lemma fermat_little_int:
  fixes a :: int
  assumes "prime q"
  shows "[a ^ q = a] (mod int q)"
proof -
  have "q > 0"
    using assms by (rule prime_gt_0_nat)
  have nat_case: "[x ^ q = x] (mod q)" for x :: nat
  proof (cases "q dvd x")
    case True
    then have "[x ^ q = 0] (mod q)" and "[x = 0] (mod q)"
      using \<open>q > 0\<close> by (simp_all add: cong_0_iff dvd_power_iff_le dvd_trans[OF _ dvd_power])
    then show ?thesis
      by (metis cong_sym cong_trans)
  next
    case False
    then have "[x ^ (q - 1) * x = 1 * x] (mod q)"
      using fermat_theorem[OF assms] by (intro cong_mult cong_refl)
    moreover have "x ^ (q - 1) * x = x ^ q"
      using \<open>q > 0\<close> by (metis Suc_diff_1 power_Suc2)
    ultimately show ?thesis
      by simp
  qed
  define x where "x = nat (a mod int q)"
  have a_x: "[a = int x] (mod int q)"
    using \<open>q > 0\<close> by (simp add: x_def cong_def)
  then have "[a ^ q = int x ^ q] (mod int q)"
    by (rule cong_pow)
  also have "[int x ^ q = int x] (mod int q)"
    using nat_case[of x] by (simp add: cong_int_iff flip: of_nat_power)
  also have "[int x = a] (mod int q)"
    using a_x by (rule cong_sym)
  finally show ?thesis .
qed

definition min_poly :: "int \<Rightarrow> int \<Rightarrow> int poly"
  where "min_poly t n = [:n, - t, 1:]"

context
  fixes t n :: int
begin

lemma cong2_linear_mult:
  "[[:a * c - n * (b * d), a * d + b * c + t * (b * d):] = [:a, b:] * [:c, d:]] (mod u, min_poly t n)"
  by (rule cong2I[of _ _ _ 0 _ "[:- (b * d):]"]) (simp add: min_poly_def algebra_simps)

lemma cong2_conj_mult_eq_1:
  assumes "[a\<^sup>2 + t * a * b + n * b\<^sup>2 = 1] (mod int q)"
  shows "[[:a, b:] * [:a + t * b, - b:] = 1] (mod of_nat q, min_poly t n)"
proof -
  have "[[:a, b:] * [:a + t * b, - b:] = of_int (a\<^sup>2 + t * a * b + n * b\<^sup>2)] (mod of_nat q, min_poly t n)"
    by (rule cong2I[of _ _ _ 0 _ "[:- (b\<^sup>2):]"])
      (simp add: min_poly_def of_int_poly algebra_simps power2_eq_square)
  also have "[\<dots> = of_int 1] (mod of_nat q, min_poly t n)"
    using assms by (rule cong2_of_int)
  finally show ?thesis
    by simp
qed

lemma cong2_disc_sq:
  "[[:- t, 2:] ^ 2 = of_int (t\<^sup>2 - 4 * n)] (mod u, min_poly t n)"
  by (rule cong2I[of _ _ _ 0 _ "[:4:]"])
    (simp add: min_poly_def of_int_poly algebra_simps power2_eq_square)

(* Reducing the multiple of q modulo the monic min_poly leaves a multiple of min_poly of degree
   below 2, which must vanish. *)
lemma cong2_of_int_0_imp_dvd:
  assumes "[of_int e = 0] (mod of_nat q, min_poly t n)"
  shows "int q dvd e"
proof -
  obtain A B where AB: "[:e:] = [:int q:] * A + min_poly t n * B"
    using assms by (auto simp: cong2_def of_int_poly of_nat_poly)
  obtain A1 A0 where div: "pseudo_divmod A (min_poly t n) = (A1, A0)"
    by (cases "pseudo_divmod A (min_poly t n)")
  have f: "min_poly t n \<noteq> 0" "degree (min_poly t n) = 2" "coeff (min_poly t n) 2 = 1"
    by (simp_all add: min_poly_def numeral_2_eq_2)
  have "A = min_poly t n * A1 + A0" and "A0 = 0 \<or> degree A0 < 2"
    using pseudo_divmod[OF f(1) div] f by simp_all
  define R where "R = [:e:] - [:int q:] * A0"
  have "R = min_poly t n * ([:int q:] * A1 + B)"
    using AB \<open>A = _\<close> by (simp add: R_def algebra_simps)
  moreover have "degree R < 2"
    unfolding R_def using \<open>A0 = 0 \<or> degree A0 < 2\<close>
    by (auto intro: le_less_trans[OF degree_diff_le] simp: degree_mult_le)
  ultimately have "R = 0"
    using dvd_imp_degree_le[of "min_poly t n" R] f(2) by fastforce
  then have "[:e:] = smult (int q) A0"
    by (simp add: R_def)
  then have "e = int q * coeff A0 0"
    by (metis coeff_pCons_0 coeff_smult)
  then show ?thesis
    by simp
qed

lemma cong2_cyclotomic_root:
  assumes "prime p" and "prime q" and "q \<noteq> p"
    and "[(\<Sum>i<p. y ^ i) = 0] (mod of_nat q, min_poly t n)"
  shows "[y ^ p = 1] (mod of_nat q, min_poly t n)" and "\<not> [y = 1] (mod of_nat q, min_poly t n)"
proof -
  show "[y ^ p = 1] (mod of_nat q, min_poly t n)"
    using assms(4) by (rule cong2_geometric_sum)
  show "\<not> [y = 1] (mod of_nat q, min_poly t n)"
  proof
    assume "[y = 1] (mod of_nat q, min_poly t n)"
    have "of_nat p = (\<Sum>i<p. 1 ^ i :: int poly)"
      by simp
    also have "[\<dots> = (\<Sum>i<p. y ^ i)] (mod of_nat q, min_poly t n)"
      using \<open>[y = 1] (mod _, _)\<close> by (rule cong2_sum[OF cong2_pow[OF cong2_sym]])
    also have "[\<dots> = 0] (mod of_nat q, min_poly t n)"
      by (rule assms(4))
    finally have "[of_int (int p) = 0] (mod of_nat q, min_poly t n)"
      by simp
    then have "int q dvd int p"
      by (rule cong2_of_int_0_imp_dvd)
    then show False
      using assms(1-3) primes_dvd_imp_eq by auto
  qed
qed

lemma cong2_disc_pow_prime:
  assumes "prime q" and "odd q"
  shows "[[:- t, 2:] ^ q = of_int (Legendre (t\<^sup>2 - 4 * n) (int q)) * [:- t, 2:]]
           (mod of_nat q, min_poly t n)"
proof -
  define s where "s = [:- t, 2:]"
  define \<Delta> where "\<Delta> = t\<^sup>2 - 4 * n"
  obtain h where q: "q = 2 * h + 1"
    using assms(2) by (rule oddE)
  have "2 < q"
    using assms prime_ge_2_nat[of q] by (cases "q = 2") auto
  then have "[Legendre \<Delta> (int q) = \<Delta> ^ h] (mod int q)"
    using euler_criterion[of q \<Delta>] assms(1) q by simp
  have "s ^ q = s * (s ^ 2) ^ h"
    by (simp add: q power_mult)
  also have "[\<dots> = s * of_int \<Delta> ^ h] (mod of_nat q, min_poly t n)"
    unfolding s_def \<Delta>_def by (intro cong2_mult cong2_refl cong2_pow cong2_disc_sq)
  also have "s * of_int \<Delta> ^ h = s * of_int (\<Delta> ^ h)"
    by simp
  also have "[\<dots> = s * of_int (Legendre \<Delta> (int q))] (mod of_nat q, min_poly t n)"
    using cong2_of_int[OF cong_sym[OF \<open>[Legendre \<Delta> (int q) = \<Delta> ^ h] (mod int q)\<close>]]
    by (rule cong2_mult[OF cong2_refl])
  finally show ?thesis
    by (simp add: s_def \<Delta>_def mult.commute)
qed

(* 2z = (2a + tb) + b s with s = 2X - t, a square root of the discriminant. *)
lemma cong2_two_pow_prime:
  assumes "prime q" and "odd q"
  shows "[2 * [:a, b:] ^ q = of_int (2 * a + t * b)
            + of_int (b * Legendre (t\<^sup>2 - 4 * n) (int q)) * [:- t, 2:]] (mod of_nat q, min_poly t n)"
proof -
  define s where "s = [:- t, 2:]"
  define L where "L = Legendre (t\<^sup>2 - 4 * n) (int q)"
  have "[2 = of_int (2 ^ q)] (mod of_nat q, min_poly t n)"
    using cong2_of_int[OF cong_sym[OF fermat_little_int[OF assms(1), of 2]]] by simp
  then have "[2 * [:a, b:] ^ q = of_int (2 ^ q) * [:a, b:] ^ q] (mod of_nat q, min_poly t n)"
    by (rule cong2_mult[OF _ cong2_refl])
  also have "of_int (2 ^ q) * [:a, b:] ^ q = (2 * [:a, b:]) ^ q"
    by (simp only: power_mult_distrib of_int_power of_int_numeral)
  also have "\<dots> = (of_int (2 * a + t * b) + of_int b * s) ^ q"
    by (simp add: s_def of_int_poly numeral_poly mult.commute)
  also have "[\<dots> = of_int (2 * a + t * b) ^ q + (of_int b * s) ^ q] (mod of_nat q, min_poly t n)"
    using assms(1) by (rule cong2_frobenius)
  also have "\<dots> = of_int ((2 * a + t * b) ^ q) + of_int (b ^ q) * s ^ q"
    by (simp add: power_mult_distrib)
  also have "[\<dots> = of_int (2 * a + t * b) + of_int b * (of_int L * s)] (mod of_nat q, min_poly t n)"
    unfolding s_def L_def using assms
    by (intro cong2_add cong2_mult cong2_of_int fermat_little_int cong2_disc_pow_prime)
  finally show ?thesis
    by (simp only: s_def L_def of_int_mult mult.assoc)
qed

lemma cong2_pow_double_prime_eq_1:
  assumes "odd q" and norm: "[a\<^sup>2 + t * a * b + n * b\<^sup>2 = 1] (mod int q)"
    and disc: "[t\<^sup>2 - 4 * n = 0] (mod int q)"
    and frob: "[2 * [:a, b:] ^ q = of_int (2 * a + t * b)] (mod of_nat q, min_poly t n)"
  shows "[[:a, b:] ^ (2 * q) = 1] (mod of_nat q, min_poly t n)"
proof -
  have "(2 * a + t * b)\<^sup>2 = 4 * (a\<^sup>2 + t * a * b + n * b\<^sup>2) + b\<^sup>2 * (t\<^sup>2 - 4 * n)"
    by (simp add: algebra_simps power2_eq_square)
  also have "[\<dots> = 4 * 1 + b\<^sup>2 * 0] (mod int q)"
    using norm disc by (intro cong_add cong_mult cong_refl)
  finally have c_sq: "[(2 * a + t * b)\<^sup>2 = 4] (mod int q)"
    by simp
  have "of_int 4 * [:a, b:] ^ (2 * q) = (2 * [:a, b:] ^ q) ^ 2"
    by (simp add: power_mult_distrib power_mult mult.commute)
  also have "[\<dots> = of_int (2 * a + t * b) ^ 2] (mod of_nat q, min_poly t n)"
    using frob by (rule cong2_pow)
  also have "of_int (2 * a + t * b) ^ 2 = of_int ((2 * a + t * b)\<^sup>2)"
    by simp
  also have "[\<dots> = of_int 4 * 1] (mod of_nat q, min_poly t n)"
    using cong2_of_int[OF c_sq] by simp
  finally have "[of_int 4 * [:a, b:] ^ (2 * q) = of_int 4 * 1] (mod of_nat q, min_poly t n)" .
  moreover have "coprime 4 (int q)"
    using assms(1) coprime_power_left_iff[of 2 2 "int q"] by simp
  ultimately show ?thesis
    using cong2_mult_cancel_of_int by blast
qed

(* The three cases correspond to the Legendre symbol of the discriminant being 1, -1 and 0. *)
lemma cong2_pow_prime_trichotomy:
  assumes "prime q" and "odd q" and norm: "[a\<^sup>2 + t * a * b + n * b\<^sup>2 = 1] (mod int q)"
  shows "[[:a, b:] ^ q = [:a, b:]] (mod of_nat q, min_poly t n)
       \<or> [[:a, b:] ^ q = [:a + t * b, - b:]] (mod of_nat q, min_poly t n)
       \<or> [[:a, b:] ^ (2 * q) = 1] (mod of_nat q, min_poly t n)"
proof -
  define s where "s = [:- t, 2:]"
  define c where "c = 2 * a + t * b"
  define L where "L = Legendre (t\<^sup>2 - 4 * n) (int q)"
  have frob: "[of_int 2 * [:a, b:] ^ q = of_int c + of_int (b * L) * s] (mod of_nat q, min_poly t n)"
    using cong2_two_pow_prime[OF assms(1,2), of a b] by (simp add: s_def c_def L_def)
  have "coprime 2 (int q)"
    using assms(2) by simp
  note cancel_2 = cong2_mult_cancel_of_int[OF this]
  have "L = 1 \<or> L = -1 \<or> L = 0 \<and> [t\<^sup>2 - 4 * n = 0] (mod int q)"
    by (simp add: L_def Legendre_def)
  then consider "L = 1" | "L = -1" | "L = 0" "[t\<^sup>2 - 4 * n = 0] (mod int q)"
    by blast
  then show ?thesis
  proof cases
    case 1
    then have "of_int c + of_int (b * L) * s = of_int 2 * [:a, b:]"
      by (simp add: c_def s_def of_int_poly)
    then show ?thesis
      using frob cancel_2 by (metis (no_types))
  next
    case 2
    then have "of_int c + of_int (b * L) * s = of_int 2 * [:a + t * b, - b:]"
      by (simp add: c_def s_def of_int_poly)
    then show ?thesis
      using frob cancel_2 by (metis (no_types))
  next
    case 3
    then show ?thesis
      using cong2_pow_double_prime_eq_1[OF assms(2) norm 3(2)] frob by (simp add: c_def)
  qed
qed

lemma cong2_norm_1_pow_eq_1:
  assumes "prime q" and "odd q" and norm: "[a\<^sup>2 + t * a * b + n * b\<^sup>2 = 1] (mod int q)"
  shows "\<exists>e\<in>{q - 1, q + 1, 2 * q}. [[:a, b:] ^ e = 1] (mod of_nat q, min_poly t n)"
proof -
  define z where "z = [:a, b:]"
  define z' where "z' = [:a + t * b, - b:]"
  have "[z * z' = 1] (mod of_nat q, min_poly t n)"
    unfolding z_def z'_def using norm by (rule cong2_conj_mult_eq_1)
  have "q > 0"
    using assms(1) by (rule prime_gt_0_nat)
  from cong2_pow_prime_trichotomy[OF assms, folded z_def z'_def]
  consider "[z ^ q = z] (mod of_nat q, min_poly t n)" | "[z ^ q = z'] (mod of_nat q, min_poly t n)"
    | "[z ^ (2 * q) = 1] (mod of_nat q, min_poly t n)"
    by blast
  then show ?thesis
  proof cases
    case 1
    then show ?thesis
      using cong2_pow_pred_eq_1[OF 1 \<open>[z * z' = 1] (mod _, _)\<close> \<open>q > 0\<close>] unfolding z_def by blast
  next
    case 2
    have "z ^ (q + 1) = z ^ q * z"
      by simp
    also have "[\<dots> = z' * z] (mod of_nat q, min_poly t n)"
      using 2 by (rule cong2_mult[OF _ cong2_refl])
    also have "[\<dots> = 1] (mod of_nat q, min_poly t n)"
      using \<open>[z * z' = 1] (mod _, _)\<close> by (simp add: mult.commute)
    finally show ?thesis
      unfolding z_def by blast
  next
    case 3
    then show ?thesis
      unfolding z_def by blast
  qed
qed

end

lemma cong2_mod_coeffs: "[[:x mod N, y mod N:] = [:x, y:]] (mod of_int N, v)"
  by (rule cong2I[of _ _ _ "[:- (x div N), - (y div N):]" _ 0])
    (simp add: of_int_poly algebra_simps minus_div_mult_eq_mod[symmetric])

(* Trace and norm of the generator sqrt D resp. omega of Z[sqrt D] resp. Z[omega]; its minimal
   polynomial X^2 - tX + n is min_poly t n. *)
definition gen_trace :: "int \<Rightarrow> int"
  where "gen_trace D = (if D mod 4 = 1 then 1 else 0)"

definition gen_norm :: "int \<Rightarrow> int"
  where "gen_norm D = (if D mod 4 = 1 then (1 - D) div 4 else - D)"

abbreviation gen_min_poly :: "int \<Rightarrow> int poly"
  where "gen_min_poly D \<equiv> min_poly (gen_trace D) (gen_norm D)"

definition to_poly :: "int \<times> int \<Rightarrow> int poly"
  where "to_poly x = [:fst x, snd x:]"

lemma qnorm_eq: "qnorm D (a, b) = a\<^sup>2 + gen_trace D * a * b + gen_norm D * b\<^sup>2"
  by (simp add: qnorm_def gen_trace_def gen_norm_def)

lemma to_poly_qmul: "[to_poly (qmul N D x y) = to_poly x * to_poly y] (mod of_int N, gen_min_poly D)"
proof -
  obtain a b c d where xy: "x = (a, b)" "y = (c, d)"
    by fastforce
  have "D mod 4 = 1 \<Longrightarrow> (D - 1) div 4 = - ((1 - D) div 4)"
    by presburger
  then have "qmul N D x y = ((a * c - gen_norm D * (b * d)) mod N, (a * d + b * c + gen_trace D * (b * d)) mod N)"
    by (simp add: xy qmul_def gen_norm_def gen_trace_def algebra_simps)
  then show ?thesis
    using cong2_trans[OF cong2_mod_coeffs cong2_linear_mult] by (simp add: to_poly_def xy)
qed

lemma to_poly_qpow: "[to_poly (qpow N D x k) = to_poly x ^ k] (mod of_int N, gen_min_poly D)"
proof (induction k)
  case 0
  show ?case
    using cong2_mod_coeffs[where x = 1 and y = 0] by (simp add: qpow_def qone_def to_poly_def one_pCons)
next
  case (Suc k)
  have "qpow N D x (Suc k) = qmul N D x (qpow N D x k)"
    by (simp add: qpow_def)
  then show ?case
    using cong2_trans[OF to_poly_qmul cong2_mult[OF cong2_refl Suc.IH]] by simp
qed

----

_What this task involves_.
Search the material above for "auto". Copy each line that has it.

_Output_.
    using assms by (auto simp: cong2_def of_int_poly of_nat_poly)
    by (auto intro: le_less_trans[OF degree_diff_le] simp: degree_mult_le)
      using assms(1-3) primes_dvd_imp_eq by auto
    using assms prime_ge_2_nat[of q] by (cases "q = 2") auto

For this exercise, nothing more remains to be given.